Containers vs. VMs: Storage
VMs have multiple options for storage, both locally and network-based. Whichever storage option you choose, there is a physical disk isolated from the VM. The operating system, program files and data are stored on the disk, and the disk itself can be copied and moved across multiple hosts or backed up. By default, VM storage is meant to be stateful.
Containers, on the other hand, are stateless by default. This means storage is created and discarded along with the container. A sandbox layer is created when a container image is edited. All data is stored in the sandbox layer, which is active only as part of the container. For persistent storage with containers, you have four options: data volumes, data containers, storage mounts or plug-ins. These options differ in where they store the data. Docker has detailed specifications for storage, but there are also third-party storage products like ClusterHQ Flocker and the NetApp plug-in.

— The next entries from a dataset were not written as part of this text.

text \<open>The exponents \<open>a\<close> with \<open>g\<^sup>a \<in> L B\<close> form an ideal \<open>d\<int>\<close>; \<open>b\<close> is the \<open>B\<close>-part of \<open>g\<^sup>d\<close>.\<close>

lemma subgroup_of_adjoin:
  assumes L: "subgroup L G" and B: "subgroup B G" and g: "g \<in> carrier G"
    and BL: "B \<subseteq> adjoin G L g"
  obtains b where "b \<in> B" "B = adjoin G (B \<inter> L) b"
proof -
  interpret L: subgroup L G by fact
  interpret B: subgroup B G by fact
  obtain d :: int where d: "{a. g [^] a \<in> L <#> B} = {a. d dvd a}"
    by (rule int_pow_mem_subgroup_iff_dvd[OF mult_subgroups[OF L B] g])
  have "d \<in> {a. g [^] a \<in> L <#> B}" unfolding d by simp
  then have "g [^] d \<in> L <#> B" by simp
  then obtain l b where lb: "l \<in> L" "b \<in> B" "g [^] d = l \<otimes> b"
    unfolding set_mult_def by blast
  have "B \<subseteq> adjoin G (B \<inter> L) b"
  proof
    fix x assume x: "x \<in> B"
    then obtain y and a :: int where y: "y \<in> L" "x = y \<otimes> g [^] a"
      using BL by (blast elim: adjoin_memE)
    have yc: "y \<in> carrier G" and lc: "l \<in> carrier G" using y lb by auto
    have "g [^] a = inv y \<otimes> x" using x y g by (simp add: inv_solve_left)
    then have "g [^] a \<in> L <#> B" using x y unfolding set_mult_def by blast
    then have "d dvd a" using d by blast
    then obtain q where q: "a = d * q" by (rule dvdE)
    have "b = inv l \<otimes> g [^] d" using lb lc g by (simp add: inv_solve_left)
    then have "b [^] q = inv (l [^] q) \<otimes> g [^] a"
      using lc g q by (simp add: int_pow_distrib int_pow_inv int_pow_pow)
    then have x_eq: "x = (y \<otimes> l [^] q) \<otimes> b [^] q"
      using y(2) yc lc g by (simp add: m_assoc[symmetric]) (simp add: m_assoc)
    then have "y \<otimes> l [^] q = x \<otimes> inv (b [^] q)"
      using x yc lc lb g by (simp add: inv_solve_right)
    moreover have "x \<otimes> inv (b [^] q) \<in> B"
      using x lb(2) by (simp add: subgroup_int_pow_closed[OF B])
    moreover have "y \<otimes> l [^] q \<in> L"
      using y(1) lb(1) by (simp add: subgroup_int_pow_closed[OF L])
    ultimately have "y \<otimes> l [^] q \<in> B \<inter> L" by simp
    with x_eq show "x \<in> adjoin G (B \<inter> L) b" by (metis adjoin_memI)
  qed
  moreover have "adjoin G (B \<inter> L) b \<subseteq> B" using lb B by (intro adjoin_subset) auto
  ultimately show thesis using that lb by blast
qed

lemma subgroup_of_span_over:
  "set gs \<subseteq> carrier G \<Longrightarrow> subgroup B G \<Longrightarrow> B \<subseteq> span_over G {\<one>} gs \<Longrightarrow>
   \<exists>bs. set bs \<subseteq> B \<and> length bs \<le> length gs \<and> B = span_over G {\<one>} bs"
proof (induction gs arbitrary: B)
  case Nil
  then have "B = {\<one>}" using subgroup.one_closed[of B G] by auto
  then show ?case by (intro exI[of _ "[]"]) auto
next
  case (Cons g gs)
  define L where "L = span_over G {\<one>} gs"
  have L: "subgroup L G" unfolding L_def using Cons.prems(1) by (simp add: span_over_subgroup triv_subgroup)
  obtain b where b: "b \<in> B" "B = adjoin G (B \<inter> L) b"
    using subgroup_of_adjoin[OF L Cons.prems(2)] Cons.prems(1,3) by (auto simp: L_def)
  obtain bs where bs: "set bs \<subseteq> B \<inter> L" "length bs \<le> length gs" "B \<inter> L = span_over G {\<one>} bs"
    using Cons.IH[of "B \<inter> L"] Cons.prems(1,2) L by (auto simp: L_def subgroups_Inter_pair)
  show ?case using b bs by (intro exI[of _ "b # bs"]) auto
qed

lemma span_over_finite_cosets:
  assumes A: "subgroup A G"
  shows "set hs \<subseteq> carrier G \<Longrightarrow> \<forall>h\<in>set hs. \<exists>m::nat. m > 0 \<and> h [^] m \<in> A \<Longrightarrow>
    \<exists>R. finite R \<and> R \<subseteq> carrier G \<and> span_over G A hs \<subseteq> A <#> R"
proof (induction hs)
  case Nil
  have "A \<subseteq> A <#> {\<one>}" using A by (auto simp: set_mult_def subgroup.mem_carrier)
  then show ?case by (intro exI[of _ "{\<one>}"]) auto
next
  case (Cons h hs)
  have h: "h \<in> carrier G" using Cons.prems by auto
  obtain R where R: "finite R" "R \<subseteq> carrier G" "span_over G A hs \<subseteq> A <#> R"
    using Cons by auto
  obtain m :: nat where m: "m > 0" "h [^] m \<in> A" using Cons.prems(2) by auto
  define R' where "R' = (\<lambda>(r, k). r \<otimes> h [^] (int k)) ` (R \<times> {..<m})"
  have "span_over G A (h # hs) \<subseteq> A <#> R'"
  proof
    fix x assume "x \<in> span_over G A (h # hs)"
    then obtain y and a :: int where y: "y \<in> span_over G A hs" "x = y \<otimes> h [^] a"
      by (auto elim: adjoin_memE)
    obtain a0 r where r: "a0 \<in> A" "r \<in> R" "y = a0 \<otimes> r" using R(3) y(1) unfolding set_mult_def by blast
    have a0: "a0 \<in> carrier G" and rc: "r \<in> carrier G" using r R(2) A by (auto simp: subgroup.mem_carrier)
    define k where "k = nat (a mod int m)"
    have k: "int k = a mod int m" "k < m" using m by (auto simp: k_def nat_less_iff)
    have "a = int m * (a div int m) + int k" using k by simp
    then have "h [^] a = h [^] (int m * (a div int m)) \<otimes> h [^] (int k)"
      using h by (metis int_pow_mult)
    then have "h [^] a = (h [^] m) [^] (a div int m) \<otimes> h [^] (int k)"
      using h by (simp add: int_pow_pow int_pow_int[symmetric])
    then have "x = (a0 \<otimes> (h [^] m) [^] (a div int m)) \<otimes> (r \<otimes> h [^] (int k))"
      using a0 rc h by (simp add: y r m_ac)
    moreover have "a0 \<otimes> (h [^] m) [^] (a div int m) \<in> A"
      using r m A by (simp add: subgroup.m_closed subgroup_int_pow_closed)
    moreover have "r \<otimes> h [^] (int k) \<in> R'" using r k by (force simp: R'_def)
    ultimately show "x \<in> A <#> R'" unfolding set_mult_def by blast
  qed
  moreover have "finite R'" "R' \<subseteq> carrier G" using R h by (auto simp: R'_def)
  ultimately show ?case by blast
qed

lemma finite_subgroups_between:
  assumes A: "subgroup A G" and R: "finite R" "R \<subseteq> carrier G"
  shows "finite {C. subgroup C G \<and> A \<subseteq> C \<and> C \<subseteq> A <#> R}"
proof -
  let ?Cs = "{C. subgroup C G \<and> A \<subseteq> C \<and> C \<subseteq> A <#> R}"
  have "C1 \<subseteq> C2" if C: "C1 \<in> ?Cs" "C2 \<in> ?Cs" and eq: "C1 \<inter> R = C2 \<inter> R" for C1 C2
  proof
    fix x assume x: "x \<in> C1"
    then obtain a r where ar: "a \<in> A" "r \<in> R" "x = a \<otimes> r"
      using C(1) unfolding set_mult_def by blast
    have "r = inv a \<otimes> x" using ar A R(2) by (auto simp: subgroup.mem_carrier inv_solve_left)
    moreover have "inv a \<otimes> x \<in> C1"
      using C(1) ar(1) x by (blast intro: subgroup.m_closed subgroup.m_inv_closed)
    ultimately have "r \<in> C1" by simp
    then have "r \<in> C2" using eq ar by blast
    then show "x \<in> C2" using C(2) ar by (auto intro: subgroup.m_closed)
  qed
  then have "inj_on (\<lambda>C. C \<inter> R) ?Cs" by (intro inj_onI) blast
  moreover have "(\<lambda>C. C \<inter> R) ` ?Cs \<subseteq> Pow R" by blast
  ultimately show ?thesis using R(1) by (meson finite_Pow_iff finite_imageD finite_subset)
qed

lemma subset_adjoin_of_powers:
  assumes D: "subgroup D G" and B: "subgroup B G" and satD: "saturation G B D \<subseteq> D"
    and f: "f \<in> B" and M: "M > 0" and powers: "\<forall>x\<in>B. x [^] (M::nat) \<in> adjoin G D (f [^] M)"
  shows "B \<subseteq> adjoin G D f"
proof
  fix x assume x: "x \<in> B"
  then obtain c and q :: int where c: "c \<in> D" "x [^] M = c \<otimes> (f [^] M) [^] q"
    using powers by (blast elim: adjoin_memE)
  have xc: "x \<in> carrier G" and fc: "f \<in> carrier G" and cc: "c \<in> carrier G"
    using x f c B D by (auto simp: subgroup.mem_carrier)
  have "(f [^] (- q)) [^] M = inv ((f [^] M) [^] q)"
    using fc by (simp add: int_pow_pow int_pow_neg int_pow_inv mult.commute flip: int_pow_int)
  then have "(x \<otimes> f [^] (- q)) [^] M = x [^] M \<otimes> inv ((f [^] M) [^] q)"
    using xc fc by (simp add: nat_pow_distrib)
  also have "\<dots> = c" using c xc fc cc by (simp add: m_assoc)
  finally have "x \<otimes> f [^] (- q) \<in> saturation G B D"
    using x f c M B by (auto simp: saturation_def subgroup_int_pow_closed intro: subgroup.m_closed)
  then have "x \<otimes> f [^] (- q) \<in> D" using satD by blast
  moreover have "x = (x \<otimes> f [^] (- q)) \<otimes> f [^] q"
    using xc fc by (simp add: m_assoc int_pow_neg)
  ultimately show "x \<in> adjoin G D f" by (metis adjoin_memI)
qed

text \<open>For a uniform exponent \<open>M\<close> of \<open>B\<close> over \<open>D\<langle>g\<rangle>\<close>, the subgroup of \<open>M\<close>-th powers of \<open>B\<close> lies
  in \<open>D\<langle>g\<rangle>\<close> and so has the form \<open>(B\<^sup>M \<inter> D)\<langle>f\<^sup>M\<rangle>\<close>; as \<open>D\<close> is saturated in \<open>B\<close>, \<open>B = D\<langle>f\<rangle>\<close>.\<close>

lemma split_off_free_generator:
  assumes D: "subgroup D G" and bs: "set bs \<subseteq> carrier G" and B: "B = span_over G {\<one>} bs"
    and DB: "D \<subseteq> B" and satD: "saturation G B D \<subseteq> D"
    and g: "g \<in> B" "free_over G D g"
    and tors: "saturation G B (adjoin G D g) = B"
  obtains f where "f \<in> B" "free_over G D f" "B = adjoin G D f"
proof -
  have Bsub: "subgroup B G" unfolding B by (rule span_over_subgroup[OF triv_subgroup bs])
  have gc: "g \<in> carrier G" using g(1) subgroup.mem_carrier[OF Bsub] by blast
  have K: "subgroup (adjoin G D g) G" by (rule adjoin_subgroup[OF D gc])
  have "\<forall>b\<in>set bs. \<exists>m::nat. m > 0 \<and> b [^] m \<in> adjoin G D g"
    using generators_subset_span_over[OF triv_subgroup bs] tors B by (auto simp: saturation_def)
  then obtain M :: nat where M: "M > 0" "\<forall>x\<in>span_over G {\<one>} bs. x [^] M \<in> adjoin G D g"
    by (rule span_over_uniform_exponent[OF K bs])
  define B' where "B' = (\<lambda>x. x [^] M) ` B"
  have B': "subgroup B' G" unfolding B'_def by (rule pow_image_subgroup[OF Bsub])
  have "B' \<subseteq> adjoin G D g" using M(2) B by (auto simp: B'_def)
  then obtain b' where b': "b' \<in> B'" "B' = adjoin G (B' \<inter> D) b'"
    by (rule subgroup_of_adjoin[OF D B' gc])
  obtain f where f: "f \<in> B" "b' = f [^] M" using b'(1) by (auto simp: B'_def)
  have fc: "f \<in> carrier G" using f(1) subgroup.mem_carrier[OF Bsub] by blast
  have "B' \<subseteq> adjoin G D (f [^] M)"
    by (subst b'(2)) (use adjoin_mono[of "B' \<inter> D" D b'] f(2) in blast)
  then have "\<forall>x\<in>B. x [^] M \<in> adjoin G D (f [^] M)" by (auto simp: B'_def)
  then have "B = adjoin G D f"
    using subset_adjoin_of_powers[OF D Bsub satD f(1) M(1)] adjoin_subset[OF Bsub DB f(1)] by blast
  moreover have "free_over G D f"
    unfolding free_over_def
  proof (intro allI impI, rule ccontr)
    fix a :: int assume "f [^] a \<in> D" "a \<noteq> 0"
    then have "f \<in> D" using satD saturation_int_pow[OF D f(1) fc] by blast
    then have "b' \<in> D" using f D by (metis int_pow_int subgroup_int_pow_closed)
    then have "B' \<subseteq> D" by (subst b'(2)) (rule adjoin_subset[OF D]; blast)
    moreover have "g [^] M \<in> B'" using g(1) by (auto simp: B'_def)
    ultimately have "g [^] (int M) \<in> D" unfolding int_pow_int by blast
    then show False using g(2) M(1) unfolding free_over_def by fastforce
  qed
  ultimately show thesis using that f(1) by blast
qed

section \<open>Free extensions\<close>

lemma free_extension_subgroup: "free_extension G C n B \<Longrightarrow> subgroup B G \<and> C \<subseteq> B"
  by (induction rule: free_extension.induct) (auto intro: adjoin_subgroup dest: subset_adjoin)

The big difference is that storage with containers is tied to the application layer, not the infrastructure layer (as is the case with VMs). Each service of your microservices app can have its own storage, which can be managed differently from storage of other services. This provides more flexibility and control over storage.
Containers vs VMs: Deployment and management
The tool set to manage and deploy VMs is mature. VCenter Server is used to manage VMs in VMware. Configuration management tools like Chef and Puppet help with automated deployment of VMs in the cloud or in data centers. VMs hosted on infrastructure-as-a-service platforms are managed with tools specific to each cloud vendor. For example, Amazon Web Services has CloudFormation, which automates the creation of EC2 instances using templates. It also features CodeDeploy, a tool that makes deployment with VMs a breeze. VMs bring more control and have more options in the way they are managed.
Lots of these tools are quickly adding support for containers, but containers lag behind VMs when it comes to the options available for management. Container orchestrators are used to manage the creation and deployment of containers at scale. Kubernetes is leading the pack of container orchestration tools, but this space is still nascent, and Docker Swarm and Apache Mesos are equally capable offerings.
Containers have changed the software delivery pipeline, but for the better. Understanding the differences in the lifecycle of a container and VM will help you decide which to use for which workloads.
But when it comes to microservices, containers do have an edge. Yes, VMs have strong security defaults, more familiar stateful storage options and a mature ecosystem of management tools. However, containers are much easier to create and share, easier to bring more control over storage and are more nimble compared to VMs. This makes containers the preferred option for modern microservices applications.